First of all, let's start with the simplest
kind of timezone, the offset: a number of
hours/minutes ahead or behind of Universal Coordinated Time
(UTC/GMT). These kinds of timezones are specified as strings,
with the number of hours-then-minutes and a "-" for behind
of UTC and a "+" (or nothing) for ahead of UTC:
"-0400" - 4 hours behind UTC
"+0100" - 1 hour ahead of UTC
"0230" - 2 hours, 30 minutes ahead of UTC
"-0000" or "+0000" - UTC
You can use strings like this with
Date.Convert:
Date.Convert(date, to_zone="-0400", from_zone="-0000")
will add four hours to the DateTime object you pass in.
The other kind of timezone is the timezone object.
It's not just an offset from UTC; it represents a set
of rules on when to use daylight saving time and when not
to use it. These timezones are actually Python objects,
with methods available to determine if a date/time
is in daylight savings or not, etc.
These timezone objects can be used directly, but it's more
common to specify them to Date.Convert by their name
strings. A timezone object has many name strings, which
try to provide easy and expected names for the timezone
in all of the languages and naming systems we use.
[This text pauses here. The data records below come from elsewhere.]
(*
  The test functions are piecewise linear interpolations of tent functions on the vertices.
  The free cocompact action of Z^d gives every vertex lattice coordinates, unique up to a
  bounded error, and the two endpoints of an edge have coordinates at bounded distance.  A tent
  that is 1 on the coordinate ball of radius m and vanishes outside radius 2m has slope O(1/m)
  along every edge and lives on O(m^d) edges, so its Dirichlet energy is O(m^(d-2)); its plateau
  contains at least m^d translates of a fixed edge, so its mass is of order m^d.  Tents with
  centres 3m apart have disjoint plateaus, and by Cauchy-Schwarz every linear combination of n
  of them has Rayleigh quotient O(1/m^2).  For large m this is below -lambda/(2 - lambda), which
  is the claimed inequality, and evaluation on one edge of each plateau shows that the tents are
  linearly independent.
*)

section \<open>Energy of affine functions\<close>

(* D2sq is computed from an arbitrary weak derivative (wderiv is defined by SOME), so its value
   on an affine function rests on the uniqueness of weak derivatives almost everywhere. *)

lemma finite_borel_measure_density_lborel:
  assumes "f \<in> borel_measurable lborel" "(\<integral>\<^sup>+x. ennreal (f x) \<partial>lborel) < \<infinity>"
  shows "finite_borel_measure (density lborel (\<lambda>x. ennreal (f x)))"
proof -
  have "finite_measure (density lborel (\<lambda>x. ennreal (f x)))"
    by (rule finite_measureI) (use assms in \<open>auto simp: emeasure_density\<close>)
  then show ?thesis
    by (simp add: finite_borel_measure_def finite_borel_measure_axioms_def)
qed

lemma cdf_density_lborel:
  assumes "f \<in> borel_measurable lborel"
  shows "cdf (density lborel (\<lambda>x. ennreal (f x))) t
           = enn2real (\<integral>\<^sup>+x. ennreal (indicator {..t} x * f x) \<partial>lborel)"
proof -
  have "(\<integral>\<^sup>+x. ennreal (f x) * indicator {..t} x \<partial>lborel)
      = (\<integral>\<^sup>+x. ennreal (indicator {..t} x * f x) \<partial>lborel)"
    by (intro nn_integral_cong) (auto split: split_indicator)
  then show ?thesis using assms by (simp add: cdf_def measure_def emeasure_density)
qed

lemma AE_lborel_eq_0_if_integral_atMost_eq_0:
  fixes g :: "real \<Rightarrow> real"
  assumes g: "integrable lborel g"
    and zero: "\<And>t. (LINT x|lborel. indicator {..t} x * g x) = 0"
  shows "AE x in lborel. g x = 0"
proof -
  have gb: "g \<in> borel_measurable lborel" using g by auto
  have fin_pos: "(\<integral>\<^sup>+x. ennreal (g x) \<partial>lborel) < \<infinity>"
    and fin_neg: "(\<integral>\<^sup>+x. ennreal (- g x) \<partial>lborel) < \<infinity>"
    using g by (auto simp: real_integrable_def top.not_eq_extremum)
  \<comment> \<open>The positive and the negative part of \<open>g\<close> are densities of finite measures
     with the same distribution function.\<close>
  have "cdf (density lborel (\<lambda>x. ennreal (g x))) = cdf (density lborel (\<lambda>x. ennreal (- g x)))"
  proof
    fix t
    have "integrable lborel (\<lambda>x. indicator {..t} x * g x)"
      using integrable_real_mult_indicator[of "{..t}" lborel g] g by (simp add: mult.commute)
    then show "cdf (density lborel (\<lambda>x. ennreal (g x))) t = cdf (density lborel (\<lambda>x. ennreal (- g x))) t"
      using zero[of t] gb by (simp add: cdf_density_lborel real_lebesgue_integral_def)
  qed
  then have "density lborel (\<lambda>x. ennreal (g x)) = density lborel (\<lambda>x. ennreal (- g x))"
    using cdf_unique' finite_borel_measure_density_lborel fin_pos fin_neg gb
    by (metis borel_measurable_uminus)
  then have "AE x in lborel. ennreal (g x) = ennreal (- g x)"
    by (subst (asm) finite_density_unique) (use gb fin_pos in auto)
  then show ?thesis
  proof eventually_elim
    case (elim x)
    then show "g x = 0" by (cases "0 \<le> g x") (auto simp: ennreal_neg)
  qed
qed

lemma AE_lebesgue_eq_0_if_integral_atMost_eq_0:
  fixes H :: "real \<Rightarrow> real"
  assumes H: "integrable lebesgue H"
    and zero: "\<And>t. (LINT x|lebesgue. indicator {..t} x * H x) = 0"
  shows "AE x in lebesgue. H x = 0"
proof -
  have Hb: "H \<in> borel_measurable lebesgue" using H by auto
  then obtain g where gb: "g \<in> borel_measurable lborel" and "AE x in lborel. H x = g x"
    using completion_ex_borel_measurable_real by blast
  then have Hg: "AE x in lebesgue. H x = g x" by (intro AE_completion) auto
  have "integrable lebesgue g"
    using integrable_cong_AE_imp[OF H measurable_completion[OF gb] Hg] .
  then have g: "integrable lborel g" using gb by (simp add: integrable_completion)
  have "(LINT x|lborel. indicator {..t} x * g x) = 0" for t
  proof -
    have tb: "(\<lambda>x. indicator {..t} x * g x) \<in> borel_measurable lborel" using gb by measurable
    have "(LINT x|lborel. indicator {..t} x * g x) = (LINT x|lebesgue. indicator {..t} x * g x)"
      using tb by (simp add: integral_completion)
    also have "\<dots> = (LINT x|lebesgue. indicator {..t} x * H x)"
    proof (rule integral_cong_AE)
      show "(\<lambda>x. indicator {..t} x * g x) \<in> borel_measurable lebesgue"
        by (rule measurable_completion[OF tb])
      show "(\<lambda>x. indicator {..t} x * H x) \<in> borel_measurable lebesgue"
        by (intro borel_measurable_times borel_measurable_indicator Hb) auto
      show "AE x in lebesgue. indicator {..t} x * g x = indicator {..t} x * H x"
        using Hg by eventually_elim simp
    qed
    finally show ?thesis using zero by simp
  qed
  then have "AE x in lborel. g x = 0" using g by (rule AE_lborel_eq_0_if_integral_atMost_eq_0[rotated])
  then show ?thesis using Hg by (auto dest: AE_completion)
qed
For example,
the timezone object for United States Eastern Time can be
identified by the following names:
'ET'
'Eastern'
'US/Eastern'
'USA Eastern'
'EEUU Este'
'EUA Leste'
'us.fl'
'us.ny'
There is one "special" timezone name, and that is "LOCAL".
If you specify the string "LOCAL" as the timezone,
the Date module takes that to mean the machine's local
timezone. (This may not be the same as your own personal
local timezone, so be aware of which timezone your
machine is set to.) "LOCAL" identifies a special LocalTimezone
object in the Timezone module, which handles conversions
gracefully to and from local machine time.
Daylight Savings Time
This module's timezone objects do support daylight savings
time, with some important restrictions. Daylight savings "rules"
are implemented in each TimezoneDST object, but there's only one set
of rules in each object, the most recent rules adopted by the timezone.
In the United States, the rules have been the same since the 1960s;
so the US-based timezone objects will handle daylight savings correctly
for any DateTime objects more recent than 1960 or so. Other timezones
have made recent changes to their rules or, worse yet, they change
their rules every year!
What this means to you, the practical programmer, is that
this module guarantees correct daylight savings behavior only
for the current date/time on the machine. For other times, correct
behavior depends on when the timezone's rules have changed. Here is
a short guide to "daylight savings dependability" for different timezones:
USA timezones: all dates from Jan 1, 1970
Mexico timezones: all dates from Jan 1, 1990
Brazil timezones: all dates from Jan 1, 1998
Other Latin American timezones: all dates from Jan 1, 2000
"""
import types
try:
from mx.DateTime import DateTimeDelta,RelativeDateTime,utc2local,local2utc,oneHour
except:
from DateTime import DateTimeDelta,RelativeDateTime,utc2local,local2utc,oneHour
# "offset" handling functions
#
# offsets are the strings like "-0400" that are used
# in ISO date formats.
#
# It's not worth making Timezone objects for these,
# so we're using a regex instead, and Convert() does
# the heavy lifting.
import re
#from DateTime import oneHour
_offset_regex = re.compile(r'([+-]?)([01][0-9]|2[0-3])([0-5][0-9])')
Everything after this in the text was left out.